__PROBLEM DETAILS__:
From the data below, repeat exactly the lines from the line with "contents of boxes 2, 3, 4.\<close>" to the line with "exponents mu - Cons", both included.

- - - - - - -

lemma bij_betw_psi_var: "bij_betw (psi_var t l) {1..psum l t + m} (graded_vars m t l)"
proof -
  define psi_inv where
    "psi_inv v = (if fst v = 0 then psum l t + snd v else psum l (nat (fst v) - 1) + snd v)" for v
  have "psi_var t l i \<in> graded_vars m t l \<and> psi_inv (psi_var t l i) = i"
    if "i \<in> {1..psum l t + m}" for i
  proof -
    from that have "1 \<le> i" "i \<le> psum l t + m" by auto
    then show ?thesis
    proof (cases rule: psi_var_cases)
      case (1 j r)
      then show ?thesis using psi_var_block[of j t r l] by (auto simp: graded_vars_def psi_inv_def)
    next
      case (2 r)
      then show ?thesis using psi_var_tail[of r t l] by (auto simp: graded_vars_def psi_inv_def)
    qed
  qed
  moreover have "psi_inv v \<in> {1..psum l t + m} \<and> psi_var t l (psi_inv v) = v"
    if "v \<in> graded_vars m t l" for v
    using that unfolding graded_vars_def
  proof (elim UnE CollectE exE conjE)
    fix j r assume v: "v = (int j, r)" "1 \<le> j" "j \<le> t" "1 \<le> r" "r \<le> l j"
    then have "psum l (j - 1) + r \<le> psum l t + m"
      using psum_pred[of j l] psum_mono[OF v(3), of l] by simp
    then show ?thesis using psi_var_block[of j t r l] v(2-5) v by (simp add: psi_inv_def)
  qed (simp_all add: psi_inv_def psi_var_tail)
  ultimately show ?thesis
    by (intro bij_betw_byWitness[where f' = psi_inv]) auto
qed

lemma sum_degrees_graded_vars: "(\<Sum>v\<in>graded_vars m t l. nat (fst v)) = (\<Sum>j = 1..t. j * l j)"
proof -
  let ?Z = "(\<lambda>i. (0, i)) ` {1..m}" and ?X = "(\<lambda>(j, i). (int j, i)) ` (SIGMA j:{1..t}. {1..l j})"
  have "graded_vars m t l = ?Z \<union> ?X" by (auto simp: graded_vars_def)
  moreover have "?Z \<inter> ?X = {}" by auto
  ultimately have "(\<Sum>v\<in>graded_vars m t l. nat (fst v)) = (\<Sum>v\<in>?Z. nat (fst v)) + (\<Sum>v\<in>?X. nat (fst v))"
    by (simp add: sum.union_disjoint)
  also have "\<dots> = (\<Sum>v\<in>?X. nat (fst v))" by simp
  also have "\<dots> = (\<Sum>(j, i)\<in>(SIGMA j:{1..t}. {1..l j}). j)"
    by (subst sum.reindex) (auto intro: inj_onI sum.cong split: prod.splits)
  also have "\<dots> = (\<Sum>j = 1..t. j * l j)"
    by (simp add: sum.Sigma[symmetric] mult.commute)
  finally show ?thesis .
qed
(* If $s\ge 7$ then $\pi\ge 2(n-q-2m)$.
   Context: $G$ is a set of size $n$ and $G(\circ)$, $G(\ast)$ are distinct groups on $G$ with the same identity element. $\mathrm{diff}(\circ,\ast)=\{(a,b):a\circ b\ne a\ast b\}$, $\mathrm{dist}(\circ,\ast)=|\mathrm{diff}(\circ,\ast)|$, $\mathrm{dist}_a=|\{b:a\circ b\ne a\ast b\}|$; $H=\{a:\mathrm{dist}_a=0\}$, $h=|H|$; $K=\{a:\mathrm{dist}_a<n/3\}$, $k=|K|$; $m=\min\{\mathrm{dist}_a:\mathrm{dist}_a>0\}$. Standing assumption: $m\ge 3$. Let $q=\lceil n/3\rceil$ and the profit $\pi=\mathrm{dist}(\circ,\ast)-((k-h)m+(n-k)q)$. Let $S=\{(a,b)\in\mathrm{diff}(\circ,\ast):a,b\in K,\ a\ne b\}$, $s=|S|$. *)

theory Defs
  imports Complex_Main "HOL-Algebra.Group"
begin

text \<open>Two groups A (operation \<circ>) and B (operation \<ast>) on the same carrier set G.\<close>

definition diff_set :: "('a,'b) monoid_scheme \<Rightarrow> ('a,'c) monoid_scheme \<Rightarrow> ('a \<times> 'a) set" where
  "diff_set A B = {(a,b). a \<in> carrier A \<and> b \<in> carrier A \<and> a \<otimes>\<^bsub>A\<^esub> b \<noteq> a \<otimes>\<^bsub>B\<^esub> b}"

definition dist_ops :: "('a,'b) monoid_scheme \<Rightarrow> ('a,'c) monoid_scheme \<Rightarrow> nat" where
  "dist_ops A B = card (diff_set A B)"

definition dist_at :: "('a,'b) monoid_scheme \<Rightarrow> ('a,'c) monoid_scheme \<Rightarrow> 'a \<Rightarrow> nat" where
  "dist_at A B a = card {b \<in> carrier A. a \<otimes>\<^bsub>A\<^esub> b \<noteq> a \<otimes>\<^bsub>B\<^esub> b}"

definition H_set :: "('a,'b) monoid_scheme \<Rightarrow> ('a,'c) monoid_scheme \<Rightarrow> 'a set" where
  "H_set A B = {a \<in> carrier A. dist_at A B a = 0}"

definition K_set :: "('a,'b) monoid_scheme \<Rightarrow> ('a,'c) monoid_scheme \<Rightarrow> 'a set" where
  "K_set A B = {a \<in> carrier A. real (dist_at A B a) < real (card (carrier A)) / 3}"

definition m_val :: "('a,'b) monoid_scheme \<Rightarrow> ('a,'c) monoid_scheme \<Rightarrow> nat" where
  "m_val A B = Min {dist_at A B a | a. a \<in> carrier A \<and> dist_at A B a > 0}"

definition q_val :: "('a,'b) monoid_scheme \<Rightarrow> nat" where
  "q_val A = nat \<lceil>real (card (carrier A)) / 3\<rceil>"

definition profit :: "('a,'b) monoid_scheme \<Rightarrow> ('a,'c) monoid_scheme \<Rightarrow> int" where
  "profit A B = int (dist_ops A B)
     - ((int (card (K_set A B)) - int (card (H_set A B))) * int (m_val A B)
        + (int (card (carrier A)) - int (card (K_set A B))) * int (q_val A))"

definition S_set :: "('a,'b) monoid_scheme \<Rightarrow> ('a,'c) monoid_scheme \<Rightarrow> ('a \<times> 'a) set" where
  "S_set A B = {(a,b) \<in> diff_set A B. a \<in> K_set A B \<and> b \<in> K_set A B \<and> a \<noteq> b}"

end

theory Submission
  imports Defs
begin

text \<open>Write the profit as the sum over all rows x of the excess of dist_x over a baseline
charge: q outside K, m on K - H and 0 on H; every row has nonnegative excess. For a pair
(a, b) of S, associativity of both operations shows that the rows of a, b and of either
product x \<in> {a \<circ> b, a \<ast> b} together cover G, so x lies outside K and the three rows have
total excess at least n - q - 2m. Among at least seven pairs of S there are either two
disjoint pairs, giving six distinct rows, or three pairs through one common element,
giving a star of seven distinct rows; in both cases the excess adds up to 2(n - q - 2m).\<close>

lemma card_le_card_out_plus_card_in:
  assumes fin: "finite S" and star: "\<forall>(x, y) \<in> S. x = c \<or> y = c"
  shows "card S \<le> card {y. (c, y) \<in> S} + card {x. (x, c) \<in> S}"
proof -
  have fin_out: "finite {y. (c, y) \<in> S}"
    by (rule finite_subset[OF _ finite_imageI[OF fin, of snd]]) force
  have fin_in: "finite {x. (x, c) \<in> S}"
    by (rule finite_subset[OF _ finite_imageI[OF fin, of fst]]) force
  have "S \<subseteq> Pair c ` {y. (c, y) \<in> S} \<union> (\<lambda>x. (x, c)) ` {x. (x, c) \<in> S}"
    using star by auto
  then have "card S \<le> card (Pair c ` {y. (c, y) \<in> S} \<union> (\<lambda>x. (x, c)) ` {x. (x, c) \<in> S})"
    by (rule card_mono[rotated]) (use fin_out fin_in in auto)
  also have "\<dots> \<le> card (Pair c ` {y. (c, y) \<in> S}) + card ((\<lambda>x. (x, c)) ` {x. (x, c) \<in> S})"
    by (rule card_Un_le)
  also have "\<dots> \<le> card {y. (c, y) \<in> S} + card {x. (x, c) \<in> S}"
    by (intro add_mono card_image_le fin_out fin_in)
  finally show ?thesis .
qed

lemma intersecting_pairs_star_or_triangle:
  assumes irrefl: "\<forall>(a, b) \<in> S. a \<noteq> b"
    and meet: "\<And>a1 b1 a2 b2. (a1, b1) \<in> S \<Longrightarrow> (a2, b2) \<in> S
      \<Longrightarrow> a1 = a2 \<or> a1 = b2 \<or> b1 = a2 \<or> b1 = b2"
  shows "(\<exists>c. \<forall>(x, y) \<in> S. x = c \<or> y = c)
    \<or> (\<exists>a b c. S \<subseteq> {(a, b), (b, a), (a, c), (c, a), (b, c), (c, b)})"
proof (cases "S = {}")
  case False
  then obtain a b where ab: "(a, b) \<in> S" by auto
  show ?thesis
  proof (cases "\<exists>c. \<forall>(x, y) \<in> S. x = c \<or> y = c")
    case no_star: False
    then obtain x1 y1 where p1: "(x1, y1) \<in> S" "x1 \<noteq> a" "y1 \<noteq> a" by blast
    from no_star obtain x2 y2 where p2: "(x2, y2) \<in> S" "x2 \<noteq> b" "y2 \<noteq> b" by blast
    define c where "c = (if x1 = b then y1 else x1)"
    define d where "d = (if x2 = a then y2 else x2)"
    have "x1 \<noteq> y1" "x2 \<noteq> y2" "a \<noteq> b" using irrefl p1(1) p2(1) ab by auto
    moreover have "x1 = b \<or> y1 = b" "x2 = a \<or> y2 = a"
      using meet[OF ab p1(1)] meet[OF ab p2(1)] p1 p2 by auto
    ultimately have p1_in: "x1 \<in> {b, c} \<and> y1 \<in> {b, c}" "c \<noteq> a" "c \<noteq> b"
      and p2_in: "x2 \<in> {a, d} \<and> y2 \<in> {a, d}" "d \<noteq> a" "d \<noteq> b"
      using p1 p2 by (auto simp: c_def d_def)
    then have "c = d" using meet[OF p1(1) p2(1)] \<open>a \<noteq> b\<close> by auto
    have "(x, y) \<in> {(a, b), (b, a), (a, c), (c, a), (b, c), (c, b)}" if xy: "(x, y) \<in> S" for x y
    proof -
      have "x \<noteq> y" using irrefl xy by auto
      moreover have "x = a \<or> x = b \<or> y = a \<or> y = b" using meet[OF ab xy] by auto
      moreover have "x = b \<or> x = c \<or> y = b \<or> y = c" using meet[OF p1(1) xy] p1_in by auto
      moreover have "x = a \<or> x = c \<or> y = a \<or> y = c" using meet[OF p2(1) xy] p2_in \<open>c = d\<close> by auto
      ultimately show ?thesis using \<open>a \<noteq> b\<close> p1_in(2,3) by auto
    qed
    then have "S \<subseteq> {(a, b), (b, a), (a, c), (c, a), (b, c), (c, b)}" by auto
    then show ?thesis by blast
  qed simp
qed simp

- - - - - - -

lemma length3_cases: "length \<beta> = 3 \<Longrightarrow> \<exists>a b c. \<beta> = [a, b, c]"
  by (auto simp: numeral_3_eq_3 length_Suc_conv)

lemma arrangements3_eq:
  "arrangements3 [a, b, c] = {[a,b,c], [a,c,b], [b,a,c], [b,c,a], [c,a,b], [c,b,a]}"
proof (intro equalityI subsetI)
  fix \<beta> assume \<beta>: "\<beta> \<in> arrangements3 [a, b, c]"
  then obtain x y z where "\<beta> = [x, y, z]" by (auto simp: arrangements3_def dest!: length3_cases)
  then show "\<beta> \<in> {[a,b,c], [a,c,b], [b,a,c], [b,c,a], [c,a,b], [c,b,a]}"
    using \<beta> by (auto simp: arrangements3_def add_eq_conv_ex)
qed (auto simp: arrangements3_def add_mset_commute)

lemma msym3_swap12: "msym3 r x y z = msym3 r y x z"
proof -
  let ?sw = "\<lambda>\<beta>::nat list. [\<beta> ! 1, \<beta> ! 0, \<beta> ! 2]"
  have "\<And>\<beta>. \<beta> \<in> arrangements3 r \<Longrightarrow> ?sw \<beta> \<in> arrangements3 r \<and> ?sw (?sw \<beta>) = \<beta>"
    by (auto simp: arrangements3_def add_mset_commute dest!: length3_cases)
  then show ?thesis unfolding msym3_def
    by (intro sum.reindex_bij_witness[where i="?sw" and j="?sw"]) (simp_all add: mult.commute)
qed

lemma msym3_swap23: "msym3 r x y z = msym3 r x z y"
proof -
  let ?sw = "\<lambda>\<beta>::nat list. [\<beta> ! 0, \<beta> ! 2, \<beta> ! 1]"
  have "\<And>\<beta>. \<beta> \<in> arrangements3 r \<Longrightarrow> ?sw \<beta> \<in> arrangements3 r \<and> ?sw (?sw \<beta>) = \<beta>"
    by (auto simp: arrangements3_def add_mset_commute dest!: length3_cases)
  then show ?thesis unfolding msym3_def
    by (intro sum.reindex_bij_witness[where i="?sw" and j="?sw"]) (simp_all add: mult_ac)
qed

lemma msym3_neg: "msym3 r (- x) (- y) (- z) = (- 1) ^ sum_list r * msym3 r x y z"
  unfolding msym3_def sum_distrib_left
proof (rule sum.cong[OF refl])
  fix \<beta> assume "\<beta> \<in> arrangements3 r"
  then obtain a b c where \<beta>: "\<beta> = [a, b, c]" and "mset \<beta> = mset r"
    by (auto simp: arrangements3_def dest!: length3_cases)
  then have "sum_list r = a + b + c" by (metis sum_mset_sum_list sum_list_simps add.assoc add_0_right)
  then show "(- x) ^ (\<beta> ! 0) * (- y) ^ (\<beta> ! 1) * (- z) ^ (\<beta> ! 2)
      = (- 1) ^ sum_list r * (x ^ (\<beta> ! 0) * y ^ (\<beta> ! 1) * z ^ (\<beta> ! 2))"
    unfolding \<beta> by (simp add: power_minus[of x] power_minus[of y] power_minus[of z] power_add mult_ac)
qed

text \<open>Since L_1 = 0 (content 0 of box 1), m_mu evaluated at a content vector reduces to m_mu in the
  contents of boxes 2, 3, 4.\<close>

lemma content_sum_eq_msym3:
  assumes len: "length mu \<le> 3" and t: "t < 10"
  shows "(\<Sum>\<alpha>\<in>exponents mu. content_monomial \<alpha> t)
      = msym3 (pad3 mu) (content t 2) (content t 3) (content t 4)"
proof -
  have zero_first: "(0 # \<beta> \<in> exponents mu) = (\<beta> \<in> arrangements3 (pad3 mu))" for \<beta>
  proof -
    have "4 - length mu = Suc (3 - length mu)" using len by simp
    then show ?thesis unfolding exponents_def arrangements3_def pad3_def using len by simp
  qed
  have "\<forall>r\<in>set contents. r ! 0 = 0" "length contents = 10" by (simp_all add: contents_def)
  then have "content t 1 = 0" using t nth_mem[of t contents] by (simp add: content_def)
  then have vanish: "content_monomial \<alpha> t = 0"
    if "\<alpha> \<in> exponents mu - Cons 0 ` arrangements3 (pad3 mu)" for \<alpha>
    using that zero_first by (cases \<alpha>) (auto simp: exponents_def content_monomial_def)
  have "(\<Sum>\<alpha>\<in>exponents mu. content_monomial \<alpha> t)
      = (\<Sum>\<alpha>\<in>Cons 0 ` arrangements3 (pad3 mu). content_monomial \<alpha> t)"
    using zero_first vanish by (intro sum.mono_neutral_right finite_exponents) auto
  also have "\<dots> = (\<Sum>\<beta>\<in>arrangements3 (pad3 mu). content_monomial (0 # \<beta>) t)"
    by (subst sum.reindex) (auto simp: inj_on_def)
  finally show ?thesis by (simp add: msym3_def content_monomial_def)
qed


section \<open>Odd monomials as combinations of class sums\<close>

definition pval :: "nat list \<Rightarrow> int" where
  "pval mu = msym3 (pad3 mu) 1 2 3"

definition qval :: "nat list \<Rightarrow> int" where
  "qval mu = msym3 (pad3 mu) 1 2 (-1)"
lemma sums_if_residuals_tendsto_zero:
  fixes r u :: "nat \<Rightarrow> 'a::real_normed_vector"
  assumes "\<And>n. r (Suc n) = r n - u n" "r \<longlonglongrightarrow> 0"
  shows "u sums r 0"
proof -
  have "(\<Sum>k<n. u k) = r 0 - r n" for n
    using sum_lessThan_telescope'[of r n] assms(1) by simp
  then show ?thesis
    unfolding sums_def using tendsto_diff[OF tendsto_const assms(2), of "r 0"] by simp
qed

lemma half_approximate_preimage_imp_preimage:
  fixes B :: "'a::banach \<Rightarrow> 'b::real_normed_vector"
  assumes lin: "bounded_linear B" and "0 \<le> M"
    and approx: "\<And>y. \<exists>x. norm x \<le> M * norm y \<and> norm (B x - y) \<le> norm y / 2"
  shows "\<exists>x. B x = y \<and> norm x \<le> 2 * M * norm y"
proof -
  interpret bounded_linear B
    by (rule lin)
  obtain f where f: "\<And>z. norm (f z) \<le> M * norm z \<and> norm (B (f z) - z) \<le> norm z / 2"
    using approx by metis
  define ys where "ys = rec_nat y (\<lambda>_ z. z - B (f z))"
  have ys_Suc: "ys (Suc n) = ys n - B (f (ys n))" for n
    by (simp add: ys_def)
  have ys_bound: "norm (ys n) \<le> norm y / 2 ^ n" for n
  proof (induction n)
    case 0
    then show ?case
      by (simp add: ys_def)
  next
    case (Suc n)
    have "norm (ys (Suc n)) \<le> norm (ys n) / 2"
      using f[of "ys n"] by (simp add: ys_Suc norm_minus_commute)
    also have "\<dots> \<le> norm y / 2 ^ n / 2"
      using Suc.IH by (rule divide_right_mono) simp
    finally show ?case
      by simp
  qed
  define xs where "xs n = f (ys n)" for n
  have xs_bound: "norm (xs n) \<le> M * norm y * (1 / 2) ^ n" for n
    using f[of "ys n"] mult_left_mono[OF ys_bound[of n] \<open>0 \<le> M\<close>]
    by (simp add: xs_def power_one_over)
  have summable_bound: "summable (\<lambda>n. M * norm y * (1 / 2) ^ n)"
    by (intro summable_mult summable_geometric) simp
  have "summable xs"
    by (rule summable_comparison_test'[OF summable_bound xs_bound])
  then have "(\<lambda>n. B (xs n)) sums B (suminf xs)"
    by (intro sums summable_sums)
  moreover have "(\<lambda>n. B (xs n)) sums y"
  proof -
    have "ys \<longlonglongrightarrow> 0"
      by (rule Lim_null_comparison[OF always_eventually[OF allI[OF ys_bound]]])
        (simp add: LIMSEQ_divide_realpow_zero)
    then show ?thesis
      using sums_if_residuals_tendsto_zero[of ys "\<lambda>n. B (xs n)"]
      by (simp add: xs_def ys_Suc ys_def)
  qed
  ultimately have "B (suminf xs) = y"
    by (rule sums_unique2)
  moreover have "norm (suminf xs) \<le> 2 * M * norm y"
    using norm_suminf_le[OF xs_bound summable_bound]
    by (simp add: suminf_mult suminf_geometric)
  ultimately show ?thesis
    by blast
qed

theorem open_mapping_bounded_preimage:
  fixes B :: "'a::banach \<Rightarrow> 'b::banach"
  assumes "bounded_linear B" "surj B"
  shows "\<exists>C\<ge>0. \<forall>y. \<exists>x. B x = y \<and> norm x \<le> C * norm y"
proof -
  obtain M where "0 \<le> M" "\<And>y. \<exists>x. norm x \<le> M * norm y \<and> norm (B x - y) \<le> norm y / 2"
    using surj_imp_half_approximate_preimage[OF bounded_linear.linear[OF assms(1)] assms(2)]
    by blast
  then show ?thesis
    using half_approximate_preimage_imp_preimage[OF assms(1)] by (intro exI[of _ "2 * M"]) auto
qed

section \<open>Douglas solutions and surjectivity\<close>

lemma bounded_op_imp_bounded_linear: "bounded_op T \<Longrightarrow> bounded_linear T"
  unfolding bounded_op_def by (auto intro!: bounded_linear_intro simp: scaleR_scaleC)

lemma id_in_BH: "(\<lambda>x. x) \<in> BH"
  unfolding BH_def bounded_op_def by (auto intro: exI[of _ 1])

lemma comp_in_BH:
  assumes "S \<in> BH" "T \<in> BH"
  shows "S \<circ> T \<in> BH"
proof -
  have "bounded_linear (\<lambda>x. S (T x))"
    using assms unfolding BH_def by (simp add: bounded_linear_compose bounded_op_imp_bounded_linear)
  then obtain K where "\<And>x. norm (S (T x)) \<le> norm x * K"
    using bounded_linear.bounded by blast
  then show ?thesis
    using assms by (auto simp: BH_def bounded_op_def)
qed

- - - - - - -

__SOLUTION FOR THIS EXERCISE__:
  contents of boxes 2, 3, 4.\<close>

lemma content_sum_eq_msym3:
  assumes len: "length mu \<le> 3" and t: "t < 10"
  shows "(\<Sum>\<alpha>\<in>exponents mu. content_monomial \<alpha> t)
      = msym3 (pad3 mu) (content t 2) (content t 3) (content t 4)"
proof -
  have zero_first: "(0 # \<beta> \<in> exponents mu) = (\<beta> \<in> arrangements3 (pad3 mu))" for \<beta>
  proof -
    have "4 - length mu = Suc (3 - length mu)" using len by simp
    then show ?thesis unfolding exponents_def arrangements3_def pad3_def using len by simp
  qed
  have "\<forall>r\<in>set contents. r ! 0 = 0" "length contents = 10" by (simp_all add: contents_def)
  then have "content t 1 = 0" using t nth_mem[of t contents] by (simp add: content_def)
  then have vanish: "content_monomial \<alpha> t = 0"
    if "\<alpha> \<in> exponents mu - Cons 0 ` arrangements3 (pad3 mu)" for \<alpha>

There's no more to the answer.